Monday, September 12, 2022

Philosopher Albert Camus on This Day in History

 

This Day in History: Author and philosopher Albert Camus was awarded the Nobel Prize in Literature on this day in 1957. Camus wrote that there "is but one truly serious philosophical problem, and that is suicide. Judging whether life is or is not worth living amounts to answering the fundamental question of philosophy." He told a sad & poignant story of a building manager who had killed himself because he had lost his daughter five years before, which greatly changed him and that the experience had “undermined” him. According to Camus "A more exact word cannot be imagined. Beginning to think is beginning to be undermined."

Though he once was a Communist, he dropped that ideology in favor of freedom:

"The real passion of the twentieth century is servitude."

"The only way to deal with an unfree world is to become so absolutely free that your very existence is an act of rebellion."

"Political utopias justified in advance any enterprises whatever."

"The welfare of the people…has always been the alibi of tyrants…giving the servants of tyranny a good conscience."

"The tyrannies of today…no longer admit of silence or neutrality…I am against."

"The only conception of freedom I can have is that of the prisoner or the individual in the midst of the state. The only one I know is freedom of thought and action."

"Absolute domination by the law does not represent liberty, but without law there is no freedom."

"Freedom is not a gift received from the State."

"Freedom is not a reward or a decoration…It’s a long distance race, quite solitary and very exhausting."

"Freedom is nothing else but a chance to get better, whereas enslavement is a certainty of the worse."

"Liberty ultimately seems to me, for societies and for individuals…the supreme good that governs all others."

"Is it possible…to reject injustice without ceasing to acclaim the nature of man and the beauty of the world?
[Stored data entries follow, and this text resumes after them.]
lemma ex_dpath_Some_iff:
  "(\<exists>xs. dpath E xs \<and> hd xs = Some x \<and> last xs = Some y \<and> length xs = k) \<longleftrightarrow>
   (\<exists>xs. dpath (\<lambda>m n. E (Some m) (Some n)) xs \<and> hd xs = x \<and> last xs = y \<and> length xs = k)"
proof
  assume "\<exists>xs. dpath E xs \<and> hd xs = Some x \<and> last xs = Some y \<and> length xs = k"
  then obtain xs where xs: "dpath E xs" "hd xs = Some x" "last xs = Some y" "length xs = k"
    by blast
  have "None \<notin> set xs" using dpath_last_sink[OF None_sink xs(1)] xs(3) by auto
  then have "map Some (map the xs) = xs" by (rule map_Some_the)
  moreover have "xs \<noteq> []" using xs(1) by (simp add: dpath_def)
  ultimately show "\<exists>xs. dpath (\<lambda>m n. E (Some m) (Some n)) xs \<and> hd xs = x \<and> last xs = y \<and>
      length xs = k"
    using xs by (intro exI[of _ "map the xs"]) (metis dpath_map hd_map last_map length_map
        option.sel)
next
  assume "\<exists>xs. dpath (\<lambda>m n. E (Some m) (Some n)) xs \<and> hd xs = x \<and> last xs = y \<and> length xs = k"
  then obtain xs where "dpath (\<lambda>m n. E (Some m) (Some n)) xs" "hd xs = x" "last xs = y"
    "length xs = k" by blast
  moreover from this have "xs \<noteq> []" by (simp add: dpath_def)
  ultimately show "\<exists>xs. dpath E xs \<and> hd xs = Some x \<and> last xs = Some y \<and> length xs = k"
    by (intro exI[of _ "map Some xs"]) (simp add: dpath_map hd_map last_map)
qed

lemma ddist_Some: "ddist E (Some x) (Some y) = ddist (\<lambda>m n. E (Some m) (Some n)) x y"
proof -
  have "(\<exists>xs. dpath E xs \<and> hd xs = Some x \<and> last xs = Some y) \<longleftrightarrow>
      (\<exists>xs. dpath (\<lambda>m n. E (Some m) (Some n)) xs \<and> hd xs = x \<and> last xs = y)"
    using ex_dpath_Some_iff by blast
  then show ?thesis unfolding ddist_def ex_dpath_Some_iff by simp
qed

lemma geodesic_map_Some: "geodesic E (map Some xs) \<longleftrightarrow> geodesic (\<lambda>m n. E (Some m) (Some n)) xs"
  by (cases "xs = []") (auto simp: geodesic_def dpath_def hd_map last_map ddist_Some)

lemma geodesic_triangle_map_Some:
  "geodesic_triangle E (map Some p) (map Some q) (map Some r) \<longleftrightarrow>
   geodesic_triangle (\<lambda>m n. E (Some m) (Some n)) p q r"
  unfolding geodesic_triangle_def geodesic_map_Some
  using geodesic_nonempty[of "\<lambda>m n. E (Some m) (Some n)"] by (auto simp: hd_map last_map)

lemma thin_triangle_map_Some:
  "thin_triangle E \<delta> (map Some p) (map Some q) (map Some r) \<longleftrightarrow>
   thin_triangle (\<lambda>m n. E (Some m) (Some n)) \<delta> p q r"
proof -
  have balls: "Some y \<in> out_ball E \<delta> (Some ` S) \<longleftrightarrow> y \<in> out_ball (\<lambda>m n. E (Some m) (Some n)) \<delta> S"
    "Some y \<in> in_ball E \<delta> (Some ` S) \<longleftrightarrow> y \<in> in_ball (\<lambda>m n. E (Some m) (Some n)) \<delta> S" for y S
    by (auto simp: out_ball_def in_ball_def ddist_Some)
  have "Some ` R \<subseteq> out_ball E \<delta> (Some ` P) \<union> in_ball E \<delta> (Some ` Q) \<longleftrightarrow>
      R \<subseteq> out_ball (\<lambda>m n. E (Some m) (Some n)) \<delta> P \<union> in_ball (\<lambda>m n. E (Some m) (Some n)) \<delta> Q"
    for R P Q using balls by blast
  then show ?thesis unfolding thin_triangle_def by simp
qed

lemma strongly_hyperbolic_graph_restrict_Some:
  "strongly_hyperbolic_graph E \<delta> \<Longrightarrow> strongly_hyperbolic_graph (\<lambda>m n. E (Some m) (Some n)) \<delta>"
  unfolding strongly_hyperbolic_graph_def
  by (metis geodesic_triangle_map_Some thin_triangle_map_Some)

lemma strongly_hyperbolic_graph_adjoin_sink:
  assumes to_None: "\<And>v. E v None"
    and hyp: "strongly_hyperbolic_graph (\<lambda>m n. E (Some m) (Some n)) \<delta>"
  shows "strongly_hyperbolic_graph E (max \<delta> 1)"
  unfolding strongly_hyperbolic_graph_def
proof (intro allI impI)
  fix p q r
  assume T: "geodesic_triangle E p q r"
  then have paths: "dpath E p" "dpath E q" "dpath E r"
    and ends: "last p = hd q" "hd r = hd p" "last r = last q"
    and nonempty: "q \<noteq> []" "r \<noteq> []"
    by (auto simp: geodesic_triangle_def geodesic_def dpath_def)
  show "thin_triangle E (max \<delta> 1) p q r"
  proof (cases "None \<in> set p \<union> set q \<union> set r")
    case True
    have "last p = None" if "None \<in> set p" using dpath_last_sink[OF None_sink paths(1) that] .
    moreover have "last r = None" if "None \<in> set r" using dpath_last_sink[OF None_sink paths(3) that] .
    ultimately have "None \<in> set q"
      using True ends hd_in_set[OF nonempty(1)] last_in_set[OF nonempty(1)] by auto
    then have "last r = None" using dpath_last_sink[OF None_sink paths(2)] ends(3) by simp
    then have None_qr: "None \<in> set q" "None \<in> set r"
      using \<open>None \<in> set q\<close> last_in_set[OF nonempty(2)] by auto
    have "ddist E v None \<le> enat 1" for v
      using ddist_le_length[of E "[v, None]"] to_None by (simp add: dpath_Cons)
    then have "v \<in> in_ball E (max \<delta> 1) S" if "None \<in> S" for v S
      using that dist_le_if_ddist_le[of _ 1 "max \<delta> 1"] by (auto simp: in_ball_def)
    with None_qr show ?thesis unfolding thin_triangle_def by blast
  next
    case False
    then obtain p' q' r' where p'q'r': "p = map Some p'" "q = map Some q'" "r = map Some r'"
      using map_Some_the by (metis UnCI)
    with T hyp have "thin_triangle (\<lambda>m n. E (Some m) (Some n)) \<delta> p' q' r'"
      by (simp add: geodesic_triangle_map_Some strongly_hyperbolic_graph_def)
    then have "thin_triangle E \<delta> p q r" using p'q'r' by (simp add: thin_triangle_map_Some)
    then show ?thesis by (rule thin_triangle_mono) simp
  qed
qed

end

lemma zero_mult_simps [simp]:
  "zero_mult (Some a) (Some b) = Some (a * b)" "zero_mult None y = None" "zero_mult x None = None"
  by (simp_all add: zero_mult_def split: option.splits)

lemma cayley_zero_mult_Some:
  "cayley zero_mult B (Some m) (Some n) \<longleftrightarrow> cayley (*) {a. Some a \<in> B} m n"
  by (auto simp: cayley_def zero_mult_def split: option.splits)

lemma cayley_zero_mult_None: "cayley zero_mult B None z \<Longrightarrow> z = None"
  by (auto simp: cayley_def zero_mult_def)

lemma cayley_zero_mult_to_None: "None \<in> B \<Longrightarrow> cayley zero_mult B v None"
  unfolding cayley_def by (intro bexI[of _ None]) simp_all

lemma generated_zero_mult_Some:
  "Some a \<in> generated zero_mult (Some 1) B \<Longrightarrow> a \<in> generated (*) 1 {a. Some a \<in> B}"
proof (induction "Some a" arbitrary: a rule: generated.induct)
  case gen_one
  then show ?case by (auto intro: generated.gen_one)
next
  case (gen_step x b)
  then obtain c d where "x = Some c" "b = Some d" "a = c * d"
    by (auto simp: zero_mult_def split: option.splits)
  with gen_step show ?case by (auto intro: generated.gen_step)
qed

lemma generated_zero_mult_insert_None:
  assumes "generated (*) 1 A = UNIV"
  shows "generated zero_mult (Some 1) (insert None (Some ` A)) = UNIV"
proof -
  have Some_mem: "Some x \<in> generated zero_mult (Some 1) (insert None (Some ` A))"
    if "x \<in> generated (*) 1 A" for x
    using that
  proof (induction x rule: generated.induct)
    case (gen_step x a)
    then have "zero_mult (Some x) (Some a) \<in> generated zero_mult (Some 1) (insert None (Some ` A))"
      by (intro generated.gen_step) auto
    then show ?case by simp
  qed (rule generated.gen_one)
  have "zero_mult (Some 1) None \<in> generated zero_mult (Some (1::'a)) (insert None (Some ` A))"
    by (intro generated.gen_step generated.gen_one) simp
  then have None_mem: "None \<in> generated zero_mult (Some (1::'a)) (insert None (Some ` A))"
    by simp
  have "x \<in> generated zero_mult (Some 1) (insert None (Some ` A))" for x
    using None_mem Some_mem assms by (cases x) auto
  then show ?thesis by blast
qed

lemma strongly_hyperbolic_monoid_adjoin_zero:
  assumes "strongly_hyperbolic_monoid ((*) :: 'a::monoid_mult \<Rightarrow> 'a \<Rightarrow> 'a) 1"
  shows "strongly_hyperbolic_monoid zero_mult (Some (1::'a))"
proof -
  obtain A and \<delta> :: real where A: "finite A" "generated (*) (1::'a) A = UNIV" "\<delta> \<ge> 0"
    and hyp: "strongly_hyperbolic_graph (cayley (*) A) \<delta>"
    using assms unfolding strongly_hyperbolic_monoid_def by blast
  define B where "B = insert None (Some ` A)"
  have "{a. Some a \<in> B} = A" by (auto simp: B_def)
  with hyp have "strongly_hyperbolic_graph (cayley zero_mult B) (max \<delta> 1)"
    by (intro strongly_hyperbolic_graph_adjoin_sink cayley_zero_mult_None cayley_zero_mult_to_None)
      (auto simp: B_def cayley_zero_mult_Some)
  moreover have "finite B" "generated zero_mult (Some 1) B = UNIV"
    using A by (simp_all add: B_def generated_zero_mult_insert_None)
  ultimately show ?thesis
    unfolding strongly_hyperbolic_monoid_def by (intro exI[of _ B] exI[of _ "max \<delta> 1"]) auto
qed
Our answer is yes."

"We have to live and let live in order to create what we are."

"The aim of art, the aim of a life can only be to increase the sum of freedom and responsibility to be found in every man and in the world. It cannot, under any circumstances, be to reduce or suppress that freedom."

"Without giving up anything on the plane of justice, yield nothing on the plane of freedom."

"More and more, when faced with the world of men, the only reaction is one of individualism. Man alone is an end unto himself."